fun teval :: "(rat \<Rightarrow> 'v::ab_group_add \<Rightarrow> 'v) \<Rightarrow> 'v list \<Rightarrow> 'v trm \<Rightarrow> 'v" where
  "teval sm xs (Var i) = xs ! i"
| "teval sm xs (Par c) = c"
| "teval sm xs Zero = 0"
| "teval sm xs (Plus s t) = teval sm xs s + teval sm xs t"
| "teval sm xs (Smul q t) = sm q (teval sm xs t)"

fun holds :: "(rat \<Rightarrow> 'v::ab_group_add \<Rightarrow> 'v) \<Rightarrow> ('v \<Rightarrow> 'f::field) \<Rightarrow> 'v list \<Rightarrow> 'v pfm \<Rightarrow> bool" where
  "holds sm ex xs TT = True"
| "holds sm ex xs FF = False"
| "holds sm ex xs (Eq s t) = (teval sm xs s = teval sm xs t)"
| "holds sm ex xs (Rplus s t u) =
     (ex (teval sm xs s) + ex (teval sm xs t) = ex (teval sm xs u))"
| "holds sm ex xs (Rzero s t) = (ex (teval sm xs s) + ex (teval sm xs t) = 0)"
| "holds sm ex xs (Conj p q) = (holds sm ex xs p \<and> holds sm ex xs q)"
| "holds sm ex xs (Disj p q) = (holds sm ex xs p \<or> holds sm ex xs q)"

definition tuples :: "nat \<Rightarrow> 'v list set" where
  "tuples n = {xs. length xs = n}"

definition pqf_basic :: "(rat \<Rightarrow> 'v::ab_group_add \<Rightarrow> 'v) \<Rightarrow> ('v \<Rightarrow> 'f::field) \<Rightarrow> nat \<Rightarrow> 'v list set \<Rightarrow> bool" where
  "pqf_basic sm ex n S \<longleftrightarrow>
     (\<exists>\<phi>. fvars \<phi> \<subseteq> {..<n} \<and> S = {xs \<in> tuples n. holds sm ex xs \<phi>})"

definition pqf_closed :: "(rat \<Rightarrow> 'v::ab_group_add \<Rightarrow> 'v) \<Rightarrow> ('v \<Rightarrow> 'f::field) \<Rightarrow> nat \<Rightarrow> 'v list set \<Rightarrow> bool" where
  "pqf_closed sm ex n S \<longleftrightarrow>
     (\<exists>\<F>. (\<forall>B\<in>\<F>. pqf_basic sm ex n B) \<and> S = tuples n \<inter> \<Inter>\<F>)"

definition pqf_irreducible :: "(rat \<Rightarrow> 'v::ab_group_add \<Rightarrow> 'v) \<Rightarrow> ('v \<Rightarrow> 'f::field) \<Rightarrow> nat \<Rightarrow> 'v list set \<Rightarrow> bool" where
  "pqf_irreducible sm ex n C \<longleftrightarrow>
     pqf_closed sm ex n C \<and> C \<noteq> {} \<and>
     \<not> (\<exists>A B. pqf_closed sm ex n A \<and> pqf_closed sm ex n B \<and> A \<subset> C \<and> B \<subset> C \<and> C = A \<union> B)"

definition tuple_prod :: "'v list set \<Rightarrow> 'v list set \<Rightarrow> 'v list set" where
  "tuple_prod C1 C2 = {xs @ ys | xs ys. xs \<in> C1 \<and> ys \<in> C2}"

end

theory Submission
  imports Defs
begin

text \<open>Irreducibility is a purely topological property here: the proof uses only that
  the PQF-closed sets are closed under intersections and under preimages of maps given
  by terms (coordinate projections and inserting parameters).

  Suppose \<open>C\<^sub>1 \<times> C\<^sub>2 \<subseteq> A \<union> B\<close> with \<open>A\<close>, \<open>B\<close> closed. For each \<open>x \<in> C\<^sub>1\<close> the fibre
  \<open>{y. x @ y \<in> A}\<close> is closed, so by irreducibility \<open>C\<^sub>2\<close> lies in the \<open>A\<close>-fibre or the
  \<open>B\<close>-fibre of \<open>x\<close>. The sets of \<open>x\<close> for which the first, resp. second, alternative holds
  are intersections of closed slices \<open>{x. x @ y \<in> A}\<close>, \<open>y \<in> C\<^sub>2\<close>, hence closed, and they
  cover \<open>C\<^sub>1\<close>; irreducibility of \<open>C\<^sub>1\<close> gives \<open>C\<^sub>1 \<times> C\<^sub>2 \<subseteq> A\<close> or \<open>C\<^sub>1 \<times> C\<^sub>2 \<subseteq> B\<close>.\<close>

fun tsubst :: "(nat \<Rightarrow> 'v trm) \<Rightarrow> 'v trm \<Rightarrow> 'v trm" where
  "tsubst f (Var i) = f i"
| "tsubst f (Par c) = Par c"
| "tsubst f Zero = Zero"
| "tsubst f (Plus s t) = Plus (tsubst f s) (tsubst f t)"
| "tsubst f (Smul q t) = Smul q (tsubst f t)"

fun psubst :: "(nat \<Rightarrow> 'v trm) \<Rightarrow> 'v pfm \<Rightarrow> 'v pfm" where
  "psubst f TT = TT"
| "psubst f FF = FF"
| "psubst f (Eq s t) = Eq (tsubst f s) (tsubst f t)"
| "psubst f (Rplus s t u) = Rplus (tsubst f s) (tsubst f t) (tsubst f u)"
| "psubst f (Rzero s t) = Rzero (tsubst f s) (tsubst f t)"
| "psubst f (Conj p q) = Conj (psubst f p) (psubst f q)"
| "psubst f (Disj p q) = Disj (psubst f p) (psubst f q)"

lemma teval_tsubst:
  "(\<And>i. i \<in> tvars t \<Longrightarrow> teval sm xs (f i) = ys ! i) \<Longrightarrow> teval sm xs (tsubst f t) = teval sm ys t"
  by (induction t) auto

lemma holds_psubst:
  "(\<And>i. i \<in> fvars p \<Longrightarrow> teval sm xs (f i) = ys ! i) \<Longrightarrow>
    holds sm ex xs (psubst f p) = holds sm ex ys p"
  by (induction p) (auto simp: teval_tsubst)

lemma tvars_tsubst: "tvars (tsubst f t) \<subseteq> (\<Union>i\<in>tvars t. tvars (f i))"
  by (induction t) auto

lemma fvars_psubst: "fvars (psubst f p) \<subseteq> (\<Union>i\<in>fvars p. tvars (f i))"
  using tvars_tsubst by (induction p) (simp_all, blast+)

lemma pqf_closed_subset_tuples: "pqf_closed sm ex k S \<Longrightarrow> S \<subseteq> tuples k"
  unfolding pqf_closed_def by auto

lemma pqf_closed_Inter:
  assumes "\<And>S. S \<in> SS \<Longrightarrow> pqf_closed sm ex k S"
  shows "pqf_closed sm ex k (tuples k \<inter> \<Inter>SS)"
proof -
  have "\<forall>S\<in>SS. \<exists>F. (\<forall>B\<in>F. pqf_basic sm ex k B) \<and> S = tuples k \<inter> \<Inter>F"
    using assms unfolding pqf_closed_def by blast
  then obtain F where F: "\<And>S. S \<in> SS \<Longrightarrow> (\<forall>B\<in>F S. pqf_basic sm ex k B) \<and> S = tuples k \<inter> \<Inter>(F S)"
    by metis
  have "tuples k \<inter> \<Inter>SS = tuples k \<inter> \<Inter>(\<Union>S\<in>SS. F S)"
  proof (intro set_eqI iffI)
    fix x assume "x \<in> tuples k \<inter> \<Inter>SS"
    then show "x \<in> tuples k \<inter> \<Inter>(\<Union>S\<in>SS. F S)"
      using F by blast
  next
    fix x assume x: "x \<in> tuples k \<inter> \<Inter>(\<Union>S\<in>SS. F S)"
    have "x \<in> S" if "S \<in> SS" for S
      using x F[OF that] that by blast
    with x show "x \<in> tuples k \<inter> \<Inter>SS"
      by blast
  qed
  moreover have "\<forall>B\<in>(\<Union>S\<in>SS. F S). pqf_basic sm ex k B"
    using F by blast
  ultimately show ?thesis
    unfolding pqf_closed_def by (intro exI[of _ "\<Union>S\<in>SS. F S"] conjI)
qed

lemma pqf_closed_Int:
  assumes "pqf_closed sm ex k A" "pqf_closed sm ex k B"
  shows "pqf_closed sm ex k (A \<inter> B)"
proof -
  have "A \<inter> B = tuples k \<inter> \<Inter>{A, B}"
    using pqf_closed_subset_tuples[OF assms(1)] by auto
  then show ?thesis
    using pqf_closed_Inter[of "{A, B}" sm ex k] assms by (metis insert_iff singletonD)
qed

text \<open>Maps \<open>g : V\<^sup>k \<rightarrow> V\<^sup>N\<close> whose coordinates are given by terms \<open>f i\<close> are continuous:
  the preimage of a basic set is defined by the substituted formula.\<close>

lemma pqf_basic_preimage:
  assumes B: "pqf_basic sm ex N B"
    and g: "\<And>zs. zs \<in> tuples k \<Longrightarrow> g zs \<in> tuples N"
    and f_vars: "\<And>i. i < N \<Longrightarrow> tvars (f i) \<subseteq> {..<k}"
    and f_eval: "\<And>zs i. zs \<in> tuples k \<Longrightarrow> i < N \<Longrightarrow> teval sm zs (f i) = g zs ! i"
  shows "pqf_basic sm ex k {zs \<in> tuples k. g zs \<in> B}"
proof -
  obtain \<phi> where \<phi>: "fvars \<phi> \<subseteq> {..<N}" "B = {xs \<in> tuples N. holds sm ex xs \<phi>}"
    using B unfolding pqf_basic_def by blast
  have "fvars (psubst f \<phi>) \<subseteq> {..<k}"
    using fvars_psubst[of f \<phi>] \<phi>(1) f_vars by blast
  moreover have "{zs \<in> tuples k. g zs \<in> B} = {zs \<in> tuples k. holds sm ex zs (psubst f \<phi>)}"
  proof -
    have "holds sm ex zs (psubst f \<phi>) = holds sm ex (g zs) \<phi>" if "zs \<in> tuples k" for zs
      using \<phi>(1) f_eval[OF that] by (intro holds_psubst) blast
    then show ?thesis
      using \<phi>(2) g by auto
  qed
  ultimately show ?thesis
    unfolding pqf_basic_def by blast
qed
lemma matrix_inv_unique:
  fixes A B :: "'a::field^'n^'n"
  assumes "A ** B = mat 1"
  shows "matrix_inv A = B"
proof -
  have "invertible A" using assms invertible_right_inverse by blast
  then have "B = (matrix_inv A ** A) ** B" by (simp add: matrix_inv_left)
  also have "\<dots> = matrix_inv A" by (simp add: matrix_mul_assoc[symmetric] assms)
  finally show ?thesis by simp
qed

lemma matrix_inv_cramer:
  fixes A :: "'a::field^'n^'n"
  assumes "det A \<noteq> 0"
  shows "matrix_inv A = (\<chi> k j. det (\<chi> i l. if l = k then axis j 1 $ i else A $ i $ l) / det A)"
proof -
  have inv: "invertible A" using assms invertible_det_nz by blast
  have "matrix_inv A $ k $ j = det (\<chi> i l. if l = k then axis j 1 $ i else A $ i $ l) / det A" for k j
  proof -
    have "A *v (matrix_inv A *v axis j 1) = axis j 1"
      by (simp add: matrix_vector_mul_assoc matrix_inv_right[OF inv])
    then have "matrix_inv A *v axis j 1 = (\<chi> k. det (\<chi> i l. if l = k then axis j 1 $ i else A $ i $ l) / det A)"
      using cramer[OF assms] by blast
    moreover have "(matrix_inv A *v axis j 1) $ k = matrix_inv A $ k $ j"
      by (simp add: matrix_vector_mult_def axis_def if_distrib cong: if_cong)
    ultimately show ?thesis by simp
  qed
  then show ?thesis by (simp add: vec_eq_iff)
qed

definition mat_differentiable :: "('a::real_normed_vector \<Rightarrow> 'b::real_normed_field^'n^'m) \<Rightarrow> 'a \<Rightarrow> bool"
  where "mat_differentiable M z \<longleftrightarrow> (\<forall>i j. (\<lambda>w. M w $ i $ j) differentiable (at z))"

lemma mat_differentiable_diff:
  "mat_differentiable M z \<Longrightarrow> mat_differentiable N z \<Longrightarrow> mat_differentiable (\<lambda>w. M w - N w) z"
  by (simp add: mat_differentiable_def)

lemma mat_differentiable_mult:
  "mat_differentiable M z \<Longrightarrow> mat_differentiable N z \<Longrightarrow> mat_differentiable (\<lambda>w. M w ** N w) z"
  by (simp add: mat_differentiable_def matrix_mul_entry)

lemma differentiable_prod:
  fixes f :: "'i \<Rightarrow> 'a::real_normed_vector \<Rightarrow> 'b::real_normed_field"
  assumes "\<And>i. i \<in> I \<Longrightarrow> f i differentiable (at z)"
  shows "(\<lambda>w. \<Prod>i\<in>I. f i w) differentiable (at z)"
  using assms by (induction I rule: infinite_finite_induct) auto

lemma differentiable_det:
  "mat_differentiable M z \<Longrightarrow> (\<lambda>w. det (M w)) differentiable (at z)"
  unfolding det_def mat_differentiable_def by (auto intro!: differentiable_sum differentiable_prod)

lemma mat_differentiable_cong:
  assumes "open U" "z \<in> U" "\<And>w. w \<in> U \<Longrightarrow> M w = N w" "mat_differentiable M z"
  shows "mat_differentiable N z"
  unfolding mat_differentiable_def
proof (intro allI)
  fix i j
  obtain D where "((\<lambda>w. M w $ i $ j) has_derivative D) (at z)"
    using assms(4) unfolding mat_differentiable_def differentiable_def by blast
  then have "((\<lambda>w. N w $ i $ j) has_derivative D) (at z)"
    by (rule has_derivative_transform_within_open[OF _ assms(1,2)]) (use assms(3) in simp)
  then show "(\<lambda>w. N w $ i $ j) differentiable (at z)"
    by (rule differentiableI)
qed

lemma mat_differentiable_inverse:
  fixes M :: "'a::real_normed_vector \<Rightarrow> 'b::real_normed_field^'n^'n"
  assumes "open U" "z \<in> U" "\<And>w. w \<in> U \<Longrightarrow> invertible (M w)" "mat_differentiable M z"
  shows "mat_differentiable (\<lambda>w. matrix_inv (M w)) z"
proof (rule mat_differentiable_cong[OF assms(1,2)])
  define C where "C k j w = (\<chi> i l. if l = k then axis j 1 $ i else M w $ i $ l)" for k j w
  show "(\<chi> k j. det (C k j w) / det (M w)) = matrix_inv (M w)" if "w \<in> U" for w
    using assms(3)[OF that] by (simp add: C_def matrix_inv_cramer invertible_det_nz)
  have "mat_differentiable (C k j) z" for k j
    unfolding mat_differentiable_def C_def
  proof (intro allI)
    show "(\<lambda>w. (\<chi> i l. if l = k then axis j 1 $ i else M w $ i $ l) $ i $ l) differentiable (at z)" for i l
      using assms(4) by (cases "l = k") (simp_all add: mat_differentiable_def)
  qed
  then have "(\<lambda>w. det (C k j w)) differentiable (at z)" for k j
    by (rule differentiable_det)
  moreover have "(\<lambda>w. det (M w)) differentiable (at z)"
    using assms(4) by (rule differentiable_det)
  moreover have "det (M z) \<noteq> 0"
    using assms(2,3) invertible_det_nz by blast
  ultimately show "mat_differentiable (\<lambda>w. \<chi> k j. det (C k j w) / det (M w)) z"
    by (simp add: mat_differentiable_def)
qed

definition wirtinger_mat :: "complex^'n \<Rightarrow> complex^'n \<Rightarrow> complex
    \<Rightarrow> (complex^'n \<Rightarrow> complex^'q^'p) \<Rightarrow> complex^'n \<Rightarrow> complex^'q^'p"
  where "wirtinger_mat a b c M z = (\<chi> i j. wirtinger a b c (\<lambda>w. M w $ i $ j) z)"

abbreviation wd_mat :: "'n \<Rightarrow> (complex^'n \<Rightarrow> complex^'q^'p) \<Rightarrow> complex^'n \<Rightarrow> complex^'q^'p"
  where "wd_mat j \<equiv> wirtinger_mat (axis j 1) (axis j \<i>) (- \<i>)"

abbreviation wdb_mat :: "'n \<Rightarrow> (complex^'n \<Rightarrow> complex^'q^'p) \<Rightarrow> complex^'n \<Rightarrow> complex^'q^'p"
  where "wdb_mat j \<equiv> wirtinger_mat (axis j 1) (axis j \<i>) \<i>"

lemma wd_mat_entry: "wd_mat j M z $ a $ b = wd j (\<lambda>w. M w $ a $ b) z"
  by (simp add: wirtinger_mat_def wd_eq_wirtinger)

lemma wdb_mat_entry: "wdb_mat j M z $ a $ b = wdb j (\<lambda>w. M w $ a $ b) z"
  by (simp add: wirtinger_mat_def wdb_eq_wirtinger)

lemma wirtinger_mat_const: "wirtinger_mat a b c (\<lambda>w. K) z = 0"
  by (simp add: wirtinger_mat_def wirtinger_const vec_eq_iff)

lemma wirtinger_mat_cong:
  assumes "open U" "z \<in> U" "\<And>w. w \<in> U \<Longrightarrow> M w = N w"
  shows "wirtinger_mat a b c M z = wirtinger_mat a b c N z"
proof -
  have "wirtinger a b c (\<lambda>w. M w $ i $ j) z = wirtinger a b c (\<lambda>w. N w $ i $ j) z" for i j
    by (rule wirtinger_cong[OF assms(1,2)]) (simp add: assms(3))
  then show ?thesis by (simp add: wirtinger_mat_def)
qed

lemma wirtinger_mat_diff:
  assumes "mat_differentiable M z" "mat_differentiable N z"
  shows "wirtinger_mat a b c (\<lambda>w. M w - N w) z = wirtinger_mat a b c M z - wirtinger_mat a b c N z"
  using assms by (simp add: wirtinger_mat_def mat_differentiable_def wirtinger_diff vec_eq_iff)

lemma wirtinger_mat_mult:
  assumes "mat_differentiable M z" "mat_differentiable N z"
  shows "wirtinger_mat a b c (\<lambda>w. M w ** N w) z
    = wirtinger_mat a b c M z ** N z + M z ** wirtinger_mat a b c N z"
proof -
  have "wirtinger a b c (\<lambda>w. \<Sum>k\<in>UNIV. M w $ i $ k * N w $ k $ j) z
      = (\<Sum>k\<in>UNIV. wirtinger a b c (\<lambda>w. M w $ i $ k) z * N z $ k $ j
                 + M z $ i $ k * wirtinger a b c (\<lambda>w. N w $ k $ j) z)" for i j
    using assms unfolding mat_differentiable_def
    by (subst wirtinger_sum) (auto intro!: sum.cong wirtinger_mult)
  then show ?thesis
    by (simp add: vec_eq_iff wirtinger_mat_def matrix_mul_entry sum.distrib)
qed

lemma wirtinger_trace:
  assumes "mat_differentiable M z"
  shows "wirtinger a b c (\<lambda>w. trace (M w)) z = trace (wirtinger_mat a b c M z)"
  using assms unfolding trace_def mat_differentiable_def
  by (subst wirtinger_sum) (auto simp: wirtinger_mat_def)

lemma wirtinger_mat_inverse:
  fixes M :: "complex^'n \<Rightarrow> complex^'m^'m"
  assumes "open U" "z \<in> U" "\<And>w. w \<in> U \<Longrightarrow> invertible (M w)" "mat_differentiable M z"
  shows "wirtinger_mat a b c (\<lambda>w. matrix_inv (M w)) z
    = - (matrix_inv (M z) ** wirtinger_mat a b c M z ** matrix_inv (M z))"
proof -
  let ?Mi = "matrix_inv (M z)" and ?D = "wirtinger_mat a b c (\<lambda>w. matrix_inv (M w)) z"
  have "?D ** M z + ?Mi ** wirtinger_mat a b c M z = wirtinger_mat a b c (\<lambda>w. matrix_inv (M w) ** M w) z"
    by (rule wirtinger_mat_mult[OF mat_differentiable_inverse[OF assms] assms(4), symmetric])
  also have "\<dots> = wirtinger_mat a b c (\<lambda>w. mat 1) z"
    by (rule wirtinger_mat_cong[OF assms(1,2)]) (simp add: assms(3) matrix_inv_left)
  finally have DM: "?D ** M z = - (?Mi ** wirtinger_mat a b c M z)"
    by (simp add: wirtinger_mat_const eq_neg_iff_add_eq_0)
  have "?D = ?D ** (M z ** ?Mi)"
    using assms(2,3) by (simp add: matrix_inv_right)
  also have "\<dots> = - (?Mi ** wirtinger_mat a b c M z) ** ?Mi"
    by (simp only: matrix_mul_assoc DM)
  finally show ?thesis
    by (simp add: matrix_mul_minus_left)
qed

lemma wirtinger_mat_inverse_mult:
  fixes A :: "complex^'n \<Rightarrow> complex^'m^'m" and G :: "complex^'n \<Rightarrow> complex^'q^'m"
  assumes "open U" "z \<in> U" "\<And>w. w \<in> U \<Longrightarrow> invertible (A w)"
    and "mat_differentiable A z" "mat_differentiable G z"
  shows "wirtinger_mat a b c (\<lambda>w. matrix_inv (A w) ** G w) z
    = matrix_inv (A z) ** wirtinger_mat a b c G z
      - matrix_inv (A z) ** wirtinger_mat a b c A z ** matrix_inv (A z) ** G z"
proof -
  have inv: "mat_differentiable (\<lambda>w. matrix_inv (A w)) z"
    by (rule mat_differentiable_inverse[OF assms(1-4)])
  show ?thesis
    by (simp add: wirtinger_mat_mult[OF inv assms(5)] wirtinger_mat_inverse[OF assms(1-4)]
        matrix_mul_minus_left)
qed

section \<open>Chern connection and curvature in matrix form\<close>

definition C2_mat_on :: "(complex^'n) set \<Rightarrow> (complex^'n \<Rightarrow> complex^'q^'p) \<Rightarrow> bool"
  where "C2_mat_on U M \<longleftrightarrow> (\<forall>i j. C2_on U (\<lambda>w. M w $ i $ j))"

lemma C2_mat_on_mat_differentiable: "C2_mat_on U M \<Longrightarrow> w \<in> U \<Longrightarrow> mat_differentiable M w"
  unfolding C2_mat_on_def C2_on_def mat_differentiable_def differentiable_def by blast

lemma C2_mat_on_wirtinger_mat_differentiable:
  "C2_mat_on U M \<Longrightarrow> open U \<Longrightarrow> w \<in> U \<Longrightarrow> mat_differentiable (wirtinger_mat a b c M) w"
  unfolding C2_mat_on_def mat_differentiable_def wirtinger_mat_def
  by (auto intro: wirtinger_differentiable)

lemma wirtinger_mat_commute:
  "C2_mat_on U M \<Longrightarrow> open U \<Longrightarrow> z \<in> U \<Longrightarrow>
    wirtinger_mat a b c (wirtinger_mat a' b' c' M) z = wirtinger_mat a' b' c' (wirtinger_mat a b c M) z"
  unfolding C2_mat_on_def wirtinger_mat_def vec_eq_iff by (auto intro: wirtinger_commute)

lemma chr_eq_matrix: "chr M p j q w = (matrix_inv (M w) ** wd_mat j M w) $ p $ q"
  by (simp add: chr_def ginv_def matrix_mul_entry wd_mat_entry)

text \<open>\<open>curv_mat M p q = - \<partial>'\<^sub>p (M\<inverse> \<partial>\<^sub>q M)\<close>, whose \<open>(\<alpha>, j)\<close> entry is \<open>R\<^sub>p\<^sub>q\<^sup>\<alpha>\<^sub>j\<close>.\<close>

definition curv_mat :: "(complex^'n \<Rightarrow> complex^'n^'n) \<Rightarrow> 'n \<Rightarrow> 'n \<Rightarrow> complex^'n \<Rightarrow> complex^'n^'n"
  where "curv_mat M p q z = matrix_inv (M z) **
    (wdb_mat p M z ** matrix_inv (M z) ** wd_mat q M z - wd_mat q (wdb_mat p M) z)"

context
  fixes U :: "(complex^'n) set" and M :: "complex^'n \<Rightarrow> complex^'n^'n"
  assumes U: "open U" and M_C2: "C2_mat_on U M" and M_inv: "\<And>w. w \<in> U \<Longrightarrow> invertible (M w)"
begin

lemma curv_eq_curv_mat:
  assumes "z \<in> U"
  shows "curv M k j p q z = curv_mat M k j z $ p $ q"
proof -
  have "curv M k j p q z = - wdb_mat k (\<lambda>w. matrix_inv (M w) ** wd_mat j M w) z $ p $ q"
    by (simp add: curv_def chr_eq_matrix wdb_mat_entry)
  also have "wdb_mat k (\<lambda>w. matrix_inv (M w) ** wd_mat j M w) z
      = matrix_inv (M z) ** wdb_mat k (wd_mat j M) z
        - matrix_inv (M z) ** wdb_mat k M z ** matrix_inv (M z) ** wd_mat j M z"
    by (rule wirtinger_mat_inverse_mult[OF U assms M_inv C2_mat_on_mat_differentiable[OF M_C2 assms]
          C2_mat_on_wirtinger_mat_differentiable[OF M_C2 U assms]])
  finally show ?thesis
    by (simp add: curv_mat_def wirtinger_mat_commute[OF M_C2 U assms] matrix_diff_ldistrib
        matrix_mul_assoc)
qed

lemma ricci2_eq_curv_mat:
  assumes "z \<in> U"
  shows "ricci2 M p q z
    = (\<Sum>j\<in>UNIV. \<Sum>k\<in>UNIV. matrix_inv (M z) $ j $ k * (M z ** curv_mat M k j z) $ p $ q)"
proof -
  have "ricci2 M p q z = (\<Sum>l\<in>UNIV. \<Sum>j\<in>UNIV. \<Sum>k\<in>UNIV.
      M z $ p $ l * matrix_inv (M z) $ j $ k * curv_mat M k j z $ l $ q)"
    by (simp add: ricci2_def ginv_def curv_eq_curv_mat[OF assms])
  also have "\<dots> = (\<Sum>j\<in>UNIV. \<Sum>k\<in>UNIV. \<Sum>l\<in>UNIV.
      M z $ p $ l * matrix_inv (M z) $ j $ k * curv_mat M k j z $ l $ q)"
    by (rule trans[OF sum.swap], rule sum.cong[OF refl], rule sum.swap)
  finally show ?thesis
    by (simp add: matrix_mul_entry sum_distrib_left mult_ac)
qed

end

Work order
Starting with the first line of the listing above and ending with the line that holds "sm xs (Smul", return those lines exactly as written, both included.

Finished task
fun teval :: "(rat \<Rightarrow> 'v::ab_group_add \<Rightarrow> 'v) \<Rightarrow> 'v list \<Rightarrow> 'v trm \<Rightarrow> 'v" where
  "teval sm xs (Var i) = xs ! i"
| "teval sm xs (Par c) = c"
| "teval sm xs Zero = 0"
| "teval sm xs (Plus s t) = teval sm xs s + teval sm xs t"
| "teval sm xs (Smul q t) = sm q (teval sm xs t)"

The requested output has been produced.